(* For every integer $n\geq 2$, there is a Hamilton cycle in the $n$-dimensional hypercube $Q_n$ that contains every edge of every chain of the Greene–Kleitman symmetric chain decomposition of $Q_n$.
   Context: $Q_n$ is the graph on all $\{0,1\}$-strings of length $n$, adjacent iff differing in exactly one position; level $k$ is the set of strings with exactly $k$ ones. A symmetric chain is a path $(x_k,x_{k+1},\ldots,x_{n-k})$ in $Q_n$ with $x_i$ in level $i$ for all $i$; a symmetric chain decomposition is a partition of the vertex set of $Q_n$ into symmetric chains. The Greene–Kleitman symmetric chain decomposition is defined as follows: for a vertex $x$, interpret each $0$ as an opening bracket and each $1$ as a closing bracket and match closest pairs of opening and closing brackets in the usual way; the chain containing $x$ is obtained by repeatedly flipping the leftmost unmatched $0$ to $1$ (to ascend) or the rightmost unmatched $1$ to $0$ (to descend), until no unmatched bit can be flipped in that direction. *)

theory Defs
  imports Main
begin

text \<open>Bitstrings of length n are lists of booleans; False = 0 (opening bracket),
True = 1 (closing bracket). Positions are 0-based, left to right.\<close>

definition cube_vertices :: "nat \<Rightarrow> bool list set" where
  "cube_vertices n = {x. length x = n}"

definition cube_adj :: "bool list \<Rightarrow> bool list \<Rightarrow> bool" where
  "cube_adj x y \<longleftrightarrow> length x = length y \<and> card {i. i < length x \<and> x ! i \<noteq> y ! i} = 1"

text \<open>Bracket matching by a left-to-right scan with a stack of positions of
unmatched opening brackets. Result: (positions of unmatched 0s (as stack),
positions of unmatched 1s).\<close>

fun bracket_scan :: "nat \<Rightarrow> nat list \<Rightarrow> nat list \<Rightarrow> bool list \<Rightarrow> nat list \<times> nat list" where
  "bracket_scan i st ones [] = (st, ones)"
| "bracket_scan i st ones (False # xs) = bracket_scan (Suc i) (i # st) ones xs"
| "bracket_scan i st ones (True # xs) =
     (case st of [] \<Rightarrow> bracket_scan (Suc i) [] (ones @ [i]) xs
               | _ # st' \<Rightarrow> bracket_scan (Suc i) st' ones xs)"

definition unmatched_zeros :: "bool list \<Rightarrow> nat set" where
  "unmatched_zeros x = set (fst (bracket_scan 0 [] [] x))"

definition unmatched_ones :: "bool list \<Rightarrow> nat set" where
  "unmatched_ones x = set (snd (bracket_scan 0 [] [] x))"

definition gk_up :: "bool list \<Rightarrow> bool list option" where
  "gk_up x = (if unmatched_zeros x = {} then None
              else Some (x[Min (unmatched_zeros x) := True]))"

definition gk_down :: "bool list \<Rightarrow> bool list option" where
  "gk_down x = (if unmatched_ones x = {} then None
                else Some (x[Max (unmatched_ones x) := False]))"

definition gk_chain_edges :: "nat \<Rightarrow> bool list set set" where
  "gk_chain_edges n =
     {{x, y} | x y. x \<in> cube_vertices n \<and> (gk_up x = Some y \<or> gk_down x = Some y)}"

definition ham_cycle :: "nat \<Rightarrow> bool list list \<Rightarrow> bool" where
  "ham_cycle n C \<longleftrightarrow> distinct C \<and> set C = cube_vertices n \<and> length C \<ge> 3 \<and>
     (\<forall>i < length C. cube_adj (C ! i) (C ! ((i + 1) mod length C)))"

definition cycle_edges :: "bool list list \<Rightarrow> bool list set set" where
  "cycle_edges C = {{C ! i, C ! ((i + 1) mod length C)} | i. i < length C}"

end

theory Submission
  imports Defs
begin

text \<open>The proof is an induction from \<open>Q\<^sub>m\<close> to \<open>Q\<^sub>m\<^sub>+\<^sub>2\<close> on Hamilton paths of \<open>Q\<^sub>m\<close> that
  run through the Greene--Kleitman chains one after the other, each one upwards or downwards.
  Appending (or prepending) a bit turns every chain of \<open>Q\<^sub>m\<close> into one chain of \<open>Q\<^sub>m\<^sub>+\<^sub>1\<close> that is
  one vertex longer and one that is one vertex shorter. Adding two bits thus turns a chain \<open>c\<close> into
  at most four chains of \<open>Q\<^sub>m\<^sub>+\<^sub>2\<close>: one of them follows \<open>c\<close>, and the others, suitably oriented,
  form a second path alongside \<open>c\<close>. Going once along the path of \<open>Q\<^sub>m\<close> through the first kind
  of chains and back in reverse order along the second paths visits every vertex of
  \<open>Q\<^sub>m\<^sub>+\<^sub>2\<close> once, and the two ends of this walk are adjacent.

  The chains of \<open>Q\<^sub>m\<close> have length of parity opposite to \<open>m\<close>. For odd \<open>m\<close> all chains have at least
  two vertices and the two bits are appended. For even \<open>m\<close> a chain may consist of a single vertex,
  so one bit is added at each end instead; the parallel chains then only join up if consecutive
  chains of the path alternate in direction, an invariant that the construction preserves.\<close>

lemma Max_Suc_image: "finite S \<Longrightarrow> S \<noteq> {} \<Longrightarrow> Max (Suc ` S) = Suc (Max S)"
  by (simp add: mono_Max_commute[symmetric] mono_Suc)

lemma Min_Suc_image: "finite S \<Longrightarrow> S \<noteq> {} \<Longrightarrow> Min (Suc ` S) = Suc (Min S)"
  by (simp add: mono_Min_commute[symmetric] mono_Suc)

lemma Min_insert_greater:
  fixes n :: "'a :: linorder"
  shows "finite S \<Longrightarrow> S \<noteq> {} \<Longrightarrow> \<forall>j\<in>S. j < n \<Longrightarrow> Min (insert n S) = Min S"
  by (simp add: min_def) (meson Min_in not_less)

lemma Min_less_Max:
  fixes S :: "'a :: linorder set"
  assumes "finite S" "S - {Max S} \<noteq> {}"
  shows "Min S < Max S"
proof -
  obtain k where k: "k \<in> S" "k \<noteq> Max S" using assms(2) by auto
  then have "Min S \<le> k" using assms(1) by simp
  also have "k < Max S" using order_le_neq_trans[OF Max_ge[OF assms(1) k(1)] k(2)] .
  finally show ?thesis .
qed

definition orient :: "bool \<Rightarrow> 'a list \<Rightarrow> 'a list" where
  "orient q xs = (if q then xs else rev xs)"

lemma orient_simps [simp]:
  "orient True xs = xs" "orient False xs = rev xs" "set (orient q xs) = set xs"
  "length (orient q xs) = length xs" "orient q xs = [] \<longleftrightarrow> xs = []"
  "hd (orient q xs) = (if q then hd xs else last xs)" "last (orient q xs) = (if q then last xs else hd xs)"
  by (simp_all add: orient_def hd_rev last_rev)

definition rel_path :: "('a \<Rightarrow> 'a \<Rightarrow> bool) \<Rightarrow> 'a list \<Rightarrow> 'a \<Rightarrow> 'a \<Rightarrow> bool" where
  "rel_path R xs x y \<longleftrightarrow> xs \<noteq> [] \<and> successively R xs \<and> hd xs = x \<and> last xs = y"

lemma rel_path_append:
  "rel_path R xs x y \<Longrightarrow> rel_path R ys x' y' \<Longrightarrow> R y x' \<Longrightarrow> rel_path R (xs @ ys) x y'"
  by (auto simp: rel_path_def successively_append_iff)

lemma rel_path_rev: "symp R \<Longrightarrow> rel_path R xs x y \<Longrightarrow> rel_path R (rev xs) y x"
  by (auto simp: rel_path_def hd_rev last_rev elim: successively_mono dest: sympD)

lemma rel_path_orient:
  "symp R \<Longrightarrow> rel_path R xs x y \<Longrightarrow> rel_path R (orient q xs) (if q then x else y) (if q then y else x)"
  by (auto simp: orient_def rel_path_rev)

lemma rel_path_map:
  "rel_path R xs x y \<Longrightarrow> (\<And>a b. R a b \<Longrightarrow> R' (h a) (h b)) \<Longrightarrow> rel_path R' (map h xs) (h x) (h y)"
  by (auto simp: rel_path_def successively_map hd_map last_map elim: successively_mono)

lemma rel_path_concat_map:
  assumes "ds \<noteq> []" "\<And>d. d \<in> set ds \<Longrightarrow> rel_path R (blk d) (h d) (l d)"
    and "successively (\<lambda>d e. R (l d) (h e)) ds"
  shows "rel_path R (concat (map blk ds)) (h (hd ds)) (l (last ds))"
  using assms
proof (induction ds)
  case (Cons d ds)
  show ?case
  proof (cases "ds = []")
    case False
    then have "rel_path R (concat (map blk ds)) (h (hd ds)) (l (last ds))"
      using Cons by (simp add: successively_Cons)
    moreover have "R (l d) (h (hd ds))" using Cons.prems(3) False by (simp add: successively_Cons)
    ultimately show ?thesis using rel_path_append Cons.prems(2)[of d] False by fastforce
  qed (use Cons.prems in simp)
qed simp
────
* ACTIVITY
There is a line with "by (auto simp: rel_path_def successively_map" and a line with "(\<lambda>d e. R" above. Copy exactly those two lines and all lines between them, with nothing else.

* RESPONSE TO THIS TASK
  by (auto simp: rel_path_def successively_map hd_map last_map elim: successively_mono)

lemma rel_path_concat_map:
  assumes "ds \<noteq> []" "\<And>d. d \<in> set ds \<Longrightarrow> rel_path R (blk d) (h d) (l d)"
    and "successively (\<lambda>d e. R (l d) (h e)) ds"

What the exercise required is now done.